SAN PAOLO DI OLIVENZA
Paolo Cugini
Venerdì 15 marzo.
Alla mattina quasi perdiamo la lancia! Don Gabriele aveva detto a don
Washington che la lancia sarebbe arrivata alle 8, mentre quest’ultimo insisteva
nel dire che sarebbe arrivata alle 9 e che quindi saremmo riusciti
tranquillamente a fare colazione. Mentre stavamo sorseggiando il caffè, arriva
un signore invitandoci a fare alla svelta a prendere le nostre valigie perché
la lancia per San Paulo di Olivenza – la nostra prossima meta – era già
arrivata ed era già sul punto di partire. Ancora una volta, purtroppo, mi tocca
scrivere che don Gabriele aveva ragione: pazienza.
Più
di due ore di viaggio sul rio Solimões: che spettacolo! Mentre Gabriele leggeva
il suo ennesimo libro (ne ha divorati parecchi in questo periodo e tutti sul
tema dell’Amazzonia), io mi sono messo dietro a contemplare il panorama. Quante
piante, quanto verde, quant’acqua! Mentre viaggiavamo e contemplavo questo
panorama paradisiaco, mi venivano in mente i paesaggi della Bahia che ho visto
per circa quindici anni: quanta siccità! Quanta voglia di acqua che non si
decideva a scendere dal cielo! Nell’ultima città in cui sono stato come parroco
e in cui si trova adesso don Luca Grassi – la città di Pintadas – negli ultimi
tre anni non era caduta una goccia d’acqua: roba da pazzi. Qui invece, acqua a
volontà, non solo nei tantissimi fiumi, ma anche durante il giorno: piove
sempre a catinelle.
Arrivati
al porto non troviamo nessuno ad attenderci: forse abbiamo sbagliato giorno? In
ogni modo, visto che san Paulo di Olivenza non è Parigi, ci siamo incamminati
puntando la chiesa. Non abbiamo sbagliato. Arrivati alla chiesa qualcuno, su
nostra richiesta, ci indica la casa parrocchiale che troviamo subito, anche
perché è enorme. San Paulo di Olivenza è stata la prima sede della diocesi di
Alto Solimões, quindi la casa parrocchiale era la casa in cui abitava il
vescovo. Il parroco attuale è un giovanissimo prete di 36 anni, 1,85 per 120 kg
circa: insomma c’è proprio tutto. Un
prete simpatico, gioviale, diocesano del sud del Brasile, un fidei donum come noi. Ci sediamo e, dopo
le presentazioni di rito, iniziamo a parlare e, soprattutto ad ascoltarlo.
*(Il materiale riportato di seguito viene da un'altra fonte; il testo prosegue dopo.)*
lemma induced_forest_card_add_num_components_le:
  assumes mg: "multigraph V E ends" and X: "X \<subseteq> V" and A: "A \<subseteq> E"
    and acyclic: "\<not> has_cycle ends A"
  shows "card (induced ends A X) + num_components ends (induced ends A X) X \<le> card X"
proof (rule forest_card_add_num_components_le)
  have fin: "finite E" "finite V" using mg by (auto simp: multigraph_def)
  then show "finite (induced ends A X)" "finite X"
    using A X unfolding induced_def by (auto intro: finite_subset)
  show "\<forall>e\<in>induced ends A X. ends e \<subseteq> X \<and> (\<exists>a b. ends e = {a, b})"
  proof
    fix e assume e: "e \<in> induced ends A X"
    then have X_e: "ends e \<subseteq> X" and "e \<in> E" using A unfolding induced_def by auto
    then have "ends e \<subseteq> V" "ends e \<noteq> {}" "card (ends e) \<le> 2"
      using mg unfolding multigraph_def by auto
    with fin have "card (ends e) = 1 \<or> card (ends e) = 2"
      by (metis One_nat_def card_0_eq finite_subset le_Suc_eq numeral_2_eq_2 le_zero_eq)
    then have "\<exists>a b. ends e = {a, b}"
      by (auto simp: card_Suc_eq numeral_2_eq_2)
    with X_e show "ends e \<subseteq> X \<and> (\<exists>a b. ends e = {a, b})" by blast
  qed
  show "\<not> has_cycle ends (induced ends A X)"
    using acyclic has_cycle_mono unfolding induced_def by blast
qed

lemma induced_forests_are_trees_if_saturated:
  assumes mg: "multigraph V E ends" and X: "X \<subseteq> V" and A: "A \<subseteq> E" and B: "B \<subseteq> E"
    and acA: "\<not> has_cycle ends A" and acB: "\<not> has_cycle ends B" and disj: "A \<inter> B = {}"
    and sat: "saturated ends (A \<union> B) X"
  shows "is_tree ends (induced ends A X) X \<and> is_tree ends (induced ends B X) X \<and>
         induced ends A X \<inter> induced ends B X = {}"
proof -
  let ?A = "induced ends A X" and ?B = "induced ends B X"
  have fin: "finite X" "finite ?A" "finite ?B"
    using mg X A B unfolding multigraph_def induced_def by (auto intro: finite_subset)
  have disjX: "?A \<inter> ?B = {}" using disj unfolding induced_def by auto
  have X_ne: "X \<noteq> {}" using sat unfolding saturated_def by auto
  have "induced ends (A \<union> B) X = ?A \<union> ?B" unfolding induced_def by auto
  then have "int (card ?A) + int (card ?B) = 2 * int (card X) - 2"
    using sat card_Un_disjoint[OF fin(2,3) disjX] unfolding saturated_def by simp
  then have "num_components ends ?A X = 1" "num_components ends ?B X = 1"
    using induced_forest_card_add_num_components_le[OF mg X A acA]
      induced_forest_card_add_num_components_le[OF mg X B acB]
      num_components_ge_1[OF fin(1) X_ne, of ends ?A] num_components_ge_1[OF fin(1) X_ne, of ends ?B]
    by linarith+
  moreover have "\<not> has_cycle ends ?A" "\<not> has_cycle ends ?B"
    using acA acB has_cycle_mono unfolding induced_def by blast+
  ultimately show ?thesis
    using disjX X_ne connected_on_if_num_components_eq_1
    unfolding is_tree_def is_subgraph_on_def induced_def by blast
qed
lemma bsym_dist_append_le:
  assumes len: "length y = length x" "length q = length p"
  shows "bsym_dist b (x @ p) (y @ q) \<le> bsym_dist b x y + bsym_dist b p q + (b - 1)"
proof -
  let ?k = "length x" and ?r = "length p"
  let ?I = "inner_differing_windows b"
  let ?C1 = "seam_differing_offsets b (x @ p) (y @ q) ?k ?k"
  let ?C2 = "seam_differing_offsets b (x @ p) (y @ q) (?k + ?r) ?r"
  have fin: "finite (?I z w)" for z w
    unfolding inner_differing_windows_def by (auto intro: finite_subset[of _ "{..length z}"])
  have "{i. i < length (x @ p) \<and> window_differs b (x @ p) (y @ q) i} \<subseteq>
        ?I x y \<union> (+) ?k ` ?I p q \<union> (\<lambda>m. ?k - m) ` ?C1 \<union> (\<lambda>m. ?k + ?r - m) ` ?C2"
  proof
    fix i assume "i \<in> {i. i < length (x @ p) \<and> window_differs b (x @ p) (y @ q) i}"
    then have i: "i < ?k + ?r" and differs: "window_differs b (x @ p) (y @ q) i" by auto
    show "i \<in> ?I x y \<union> (+) ?k ` ?I p q \<union> (\<lambda>m. ?k - m) ` ?C1 \<union> (\<lambda>m. ?k + ?r - m) ` ?C2"
      by (cases rule: window_differs_append_cases[OF len i differs])
        (use differs in \<open>auto simp: inner_differing_windows_def seam_differing_offsets_def\<close>)
  qed
  then have "bsym_dist b (x @ p) (y @ q)
      \<le> card (?I x y \<union> (+) ?k ` ?I p q \<union> (\<lambda>m. ?k - m) ` ?C1 \<union> (\<lambda>m. ?k + ?r - m) ` ?C2)"
    unfolding bsym_dist_eq_card_window_differs
    by (intro card_mono) (simp_all add: fin finite_seam_differing_offsets)
  also have "\<dots> \<le> card (?I x y) + card ((+) ?k ` ?I p q) + card ((\<lambda>m. ?k - m) ` ?C1)
      + card ((\<lambda>m. ?k + ?r - m) ` ?C2)"
    by (meson add_mono card_Un_le order_trans order_refl)
  also have "\<dots> \<le> card (?I x y) + card (?I p q) + card ?C1 + card ?C2"
    by (intro add_mono card_image_le fin finite_seam_differing_offsets order_refl)
  finally show ?thesis
    using card_seam_differing_offsets_append_le[OF len, of b]
      card_inner_plus_card_wrapping_le_bsym_dist[of b x y]
      card_inner_plus_card_wrapping_le_bsym_dist[of b p q]
    by linarith
qed

lemma card_differing_positions_le_bsym_dist:
  assumes "b > 0"
  shows "card {i. i < length z \<and> z ! i \<noteq> w ! i} \<le> bsym_dist b z w"
  unfolding bsym_dist_eq_card_window_differs window_differs_def
  by (rule card_mono) (use assms in \<open>auto intro!: exI[of _ 0]\<close>)

lemma bsym_dist_le_of_eq_except:
  assumes len: "length v = length u" and eq: "\<And>i. i < length u \<Longrightarrow> i \<noteq> j \<Longrightarrow> u ! i = v ! i"
  shows "bsym_dist b u v \<le> b"
proof -
  define D where "D = {i. i < length u \<and> window_differs b u v i}"
  define offset where "offset i = (LEAST l. l < b \<and> (i + l) mod length u = j)" for i
  have offset: "offset i < b \<and> (i + offset i) mod length u = j" if i: "i \<in> D" for i
  proof -
    obtain l where "l < b" "u ! ((i + l) mod length u) \<noteq> v ! ((i + l) mod length u)"
      using i len unfolding D_def window_differs_def by auto
    moreover have "0 < length u" using i unfolding D_def by auto
    then have "(i + l) mod length u < length u" by simp
    ultimately have "l < b \<and> (i + l) mod length u = j" using eq by blast
    then show ?thesis unfolding offset_def by (rule LeastI)
  qed
  have "inj_on offset D"
  proof (rule inj_onI)
    fix i i' assume "i \<in> D" "i' \<in> D" "offset i = offset i'"
    then have "(i + offset i) mod length u = (i' + offset i) mod length u" using offset by metis
    then have "i mod length u = i' mod length u" by (simp add: nat_mod_eq_iff)
    moreover have "i < length u" "i' < length u" using \<open>i \<in> D\<close> \<open>i' \<in> D\<close> unfolding D_def by auto
    ultimately show "i = i'" by simp
  qed
  moreover have "offset ` D \<subseteq> {..<b}" using offset by auto
  ultimately have "card D \<le> card {..<b}" by (meson card_inj_on_le finite_lessThan)
  then show ?thesis unfolding bsym_dist_eq_card_window_differs D_def by simp
qed
lemma conn_delete_bounds:
  assumes M: "matroid E r" and e: "e \<in> E" and Y: "Y \<subseteq> E - {e}"
  shows "conn (E - {e}) (delete_rank r e) Y \<le> conn E r Y"
    and "conn E r Y \<le> conn (E - {e}) (delete_rank r e) Y + 1"
proof -
  define Y' where "Y' = E - Y - {e}"
  have compl: "E - {e} - Y = Y'" and ins: "insert e Y' = E - Y"
    using e Y unfolding Y'_def by auto
  have "r E + r Y' \<le> r (E - Y) + r (E - {e})"
  proof -
    have "(E - Y) \<union> (E - {e}) = E" "(E - Y) \<inter> (E - {e}) = Y'" using e Y unfolding Y'_def by auto
    then show ?thesis using matroid_rank_submod[OF M, of "E - Y" "E - {e}"] by simp
  qed
  moreover have "r (E - Y) \<le> r Y' + 1"
    unfolding ins[symmetric] by (rule matroid_rank_insert_le[OF M _ e]) (auto simp: Y'_def)
  moreover have "r (E - {e}) \<le> r E" using matroid_rank_mono[OF M, of "E - {e}" E] by blast
  ultimately show "conn (E - {e}) (delete_rank r e) Y \<le> conn E r Y"
    and "conn E r Y \<le> conn (E - {e}) (delete_rank r e) Y + 1"
    unfolding conn_def delete_rank_def compl by linarith+
qed

lemma contract_rank_int:
  assumes M: "matroid E r" and "e \<in> E" "X \<subseteq> E"
  shows "int (contract_rank r e X) = int (r (insert e X)) - int (r {e})"
  using matroid_rank_mono[OF M, of "{e}" "insert e X"] assms unfolding contract_rank_def by simp

lemma conn_contract_bounds:
  assumes M: "matroid E r" and e: "e \<in> E" and Y: "Y \<subseteq> E - {e}"
  shows "conn (E - {e}) (contract_rank r e) Y \<le> conn E r Y"
    and "conn E r Y \<le> conn (E - {e}) (contract_rank r e) Y + 1"
proof -
  have ins: "insert e (E - {e} - Y) = E - Y" "insert e (E - {e}) = E" using e Y by auto
  have YE: "Y \<subseteq> E" "e \<notin> Y" using Y by auto
  have "int (contract_rank r e Y) = int (r (insert e Y)) - int (r {e})"
    and "int (contract_rank r e (E - {e} - Y)) = int (r (E - Y)) - int (r {e})"
    and "int (contract_rank r e (E - {e})) = int (r E) - int (r {e})"
    using contract_rank_int[OF M e] YE ins by (metis Diff_subset subset_trans)+
  moreover have "r (insert e Y) \<le> r Y + r {e}"
    using matroid_rank_insert_submod[OF M YE(1) e YE(2)] .
  moreover have "r Y \<le> r (insert e Y)" using matroid_rank_mono[OF M, of Y "insert e Y"] YE e by blast
  moreover have "r {e} \<le> 1" using matroid_rank_singleton_le_1[OF M e] .
  ultimately show "conn (E - {e}) (contract_rank r e) Y \<le> conn E r Y"
    and "conn E r Y \<le> conn (E - {e}) (contract_rank r e) Y + 1"
    unfolding conn_def by linarith+
qed

lemma conn_single_minor_bounds:
  assumes M: "matroid E r" and S: "single_minor E r e rN" and Y: "Y \<subseteq> E - {e}"
  shows "conn (E - {e}) rN Y \<le> conn E r Y" and "conn E r Y \<le> conn (E - {e}) rN Y + 1"
proof -
  have e: "e \<in> E" using S unfolding single_minor_def by blast
  from S consider (deletion) "\<forall>X\<subseteq>E - {e}. rN X = delete_rank r e X"
    | (contraction) "\<forall>X\<subseteq>E - {e}. rN X = contract_rank r e X"
    unfolding single_minor_def by blast
  then have "conn (E - {e}) rN Y \<le> conn E r Y \<and> conn E r Y \<le> conn (E - {e}) rN Y + 1"
  proof cases
    case deletion
    then have "conn (E - {e}) rN Y = conn (E - {e}) (delete_rank r e) Y"
      by (intro conn_cong[OF _ Y]) blast
    with conn_delete_bounds[OF M e Y] show ?thesis by simp
  next
    case contraction
    then have "conn (E - {e}) rN Y = conn (E - {e}) (contract_rank r e) Y"
      by (intro conn_cong[OF _ Y]) blast
    with conn_contract_bounds[OF M e Y] show ?thesis by simp
  qed
  then show "conn (E - {e}) rN Y \<le> conn E r Y" and "conn E r Y \<le> conn (E - {e}) rN Y + 1"
    by auto
qed

lemma conn_single_minor_Diff_bounds:
  assumes M: "matroid E r" and S: "single_minor E r e rN" and X: "X \<subseteq> E"
  shows "conn (E - {e}) rN (X - {e}) \<le> conn E r X"
    and "conn E r X \<le> conn (E - {e}) rN (X - {e}) + 1"
proof -
  obtain Y where Y: "Y \<subseteq> E - {e}" "conn E r X = conn E r Y"
    "conn (E - {e}) rN (X - {e}) = conn (E - {e}) rN Y"
  proof (cases "e \<in> X")
    case True
    have sub: "E - X \<subseteq> E - {e}" using True by blast
    have "E - {e} - (E - X) = X - {e}" using X by blast
    then have conn_N: "conn (E - {e}) rN (X - {e}) = conn (E - {e}) rN (E - X)"
      using conn_compl[OF sub, of rN] by simp
    show thesis by (rule that[OF sub _ conn_N]) (simp add: conn_compl[OF X])
  next
    case False
    show thesis by (rule that[of X]) (use X False in auto)
  qed
  show "conn (E - {e}) rN (X - {e}) \<le> conn E r X"
    and "conn E r X \<le> conn (E - {e}) rN (X - {e}) + 1"
    using conn_single_minor_bounds[OF M S Y(1)] Y(2,3) by linarith+
qed

lemma tangle_subset: "tangle E r \<theta> T \<Longrightarrow> X \<in> T \<Longrightarrow> X \<subseteq> E"
  unfolding tangle_def by (drule conjunct1) blast

lemma tangle_conn_less: "tangle E r \<theta> T \<Longrightarrow> X \<in> T \<Longrightarrow> conn E r X < int \<theta>"
  unfolding tangle_def by (drule conjunct1) blast

lemma tangle_mem_or_compl:
  "tangle E r \<theta> T \<Longrightarrow> X \<subseteq> E \<Longrightarrow> conn E r X < int \<theta> \<Longrightarrow> X \<in> T \<or> E - X \<in> T"
  unfolding tangle_def by (drule conjunct2, drule conjunct1) blast

lemma tangle_no_cover:
  "tangle E r \<theta> T \<Longrightarrow> A \<in> T \<Longrightarrow> B \<in> T \<Longrightarrow> C \<in> T \<Longrightarrow> A \<union> B \<union> C \<noteq> E"
  unfolding tangle_def by (drule conjunct2, drule conjunct2, drule conjunct1) simp

lemma tangle_no_hyperplane_complement: "tangle E r \<theta> T \<Longrightarrow> e \<in> E \<Longrightarrow> E - {e} \<notin> T"
  unfolding tangle_def by (drule conjunct2, drule conjunct2, drule conjunct2) simp

lemma tangle_finite: "tangle E r \<theta> T \<Longrightarrow> finite E \<Longrightarrow> finite T"
  by (rule finite_subset[of T "Pow E"]) (auto dest: tangle_subset)

lemma tangle_insert_mem:
  assumes M: "matroid E r" and T: "tangle E r \<theta> T" and Y: "Y \<in> T" and e: "e \<in> E"
    and conn_insert: "conn E r (insert e Y) < int \<theta>" and order: "1 < \<theta>"
  shows "insert e Y \<in> T"
proof (rule ccontr)
  assume "insert e Y \<notin> T"
  then have compl: "E - insert e Y \<in> T"
    using tangle_mem_or_compl[OF T _ conn_insert] tangle_subset[OF T Y] e by blast
  have "conn E r {e} < int \<theta>" using conn_singleton_le_1[OF M e] order by linarith
  then have "{e} \<in> T"
    using tangle_mem_or_compl[OF T, of "{e}"] tangle_no_hyperplane_complement[OF T e] e by blast
  moreover have "Y \<union> (E - insert e Y) \<union> {e} = E" using tangle_subset[OF T Y] e by blast
  ultimately show False using tangle_no_cover[OF T Y compl] by blast
qed

lemma tangle_rank_le_conn:
  assumes "finite T" "Y \<in> T" "Z \<subseteq> Y"
  shows "tangle_rank E r \<theta> T Z \<le> conn E r Y"
proof -
  have "{conn E r Y | Y. Y \<in> T \<and> Z \<subseteq> Y} = conn E r ` {Y \<in> T. Z \<subseteq> Y}" by blast
  then show ?thesis unfolding tangle_rank_def using assms by (auto intro!: Min_le)
qed

lemma tangle_rank_cases:
  assumes "finite T"
  obtains (attained) Y where "Y \<in> T" "Z \<subseteq> Y" "tangle_rank E r \<theta> T Z = conn E r Y"
    | (none) "\<forall>Y\<in>T. \<not> Z \<subseteq> Y" "tangle_rank E r \<theta> T Z = int \<theta>"
proof (cases "\<exists>Y\<in>T. Z \<subseteq> Y")
  case True
  have eq: "{conn E r Y | Y. Y \<in> T \<and> Z \<subseteq> Y} = conn E r ` {Y \<in> T. Z \<subseteq> Y}" by blast
  have "Min (conn E r ` {Y \<in> T. Z \<subseteq> Y}) \<in> conn E r ` {Y \<in> T. Z \<subseteq> Y}"
    using True assms by (intro Min_in) auto
  then show thesis using True attained unfolding tangle_rank_def eq by auto
next
  case False
  then show thesis using none unfolding tangle_rank_def by auto
qed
Padre Marcello e della diocesi di Uruaçu, nello Stato di Goiais. Dopo otto anni
di presbiterato chiese al vescovo di venire nella diocesi di Alto di Solimões.
Dal 2011 al 2013 Marcello ha lavorato nella Pontificie Opere Missionarie nella
capitale del Brasile, a Brasilia, e in questo contesto ha avuto modo di
percorrere il Brasile, facendo incontri missionari e, in questo contesto ebbe
la possibilità di vedere la realtà amazzonica. Siccome la diocesi di origine
era abbastanza guarnita di preti, chiese al suo vescovo di venire in missione
in Amazzonia con il progetto di chiese sorelle, che in Brasile è attivo dal
1972. Il contratto è triennale con possibilità di rinnovo.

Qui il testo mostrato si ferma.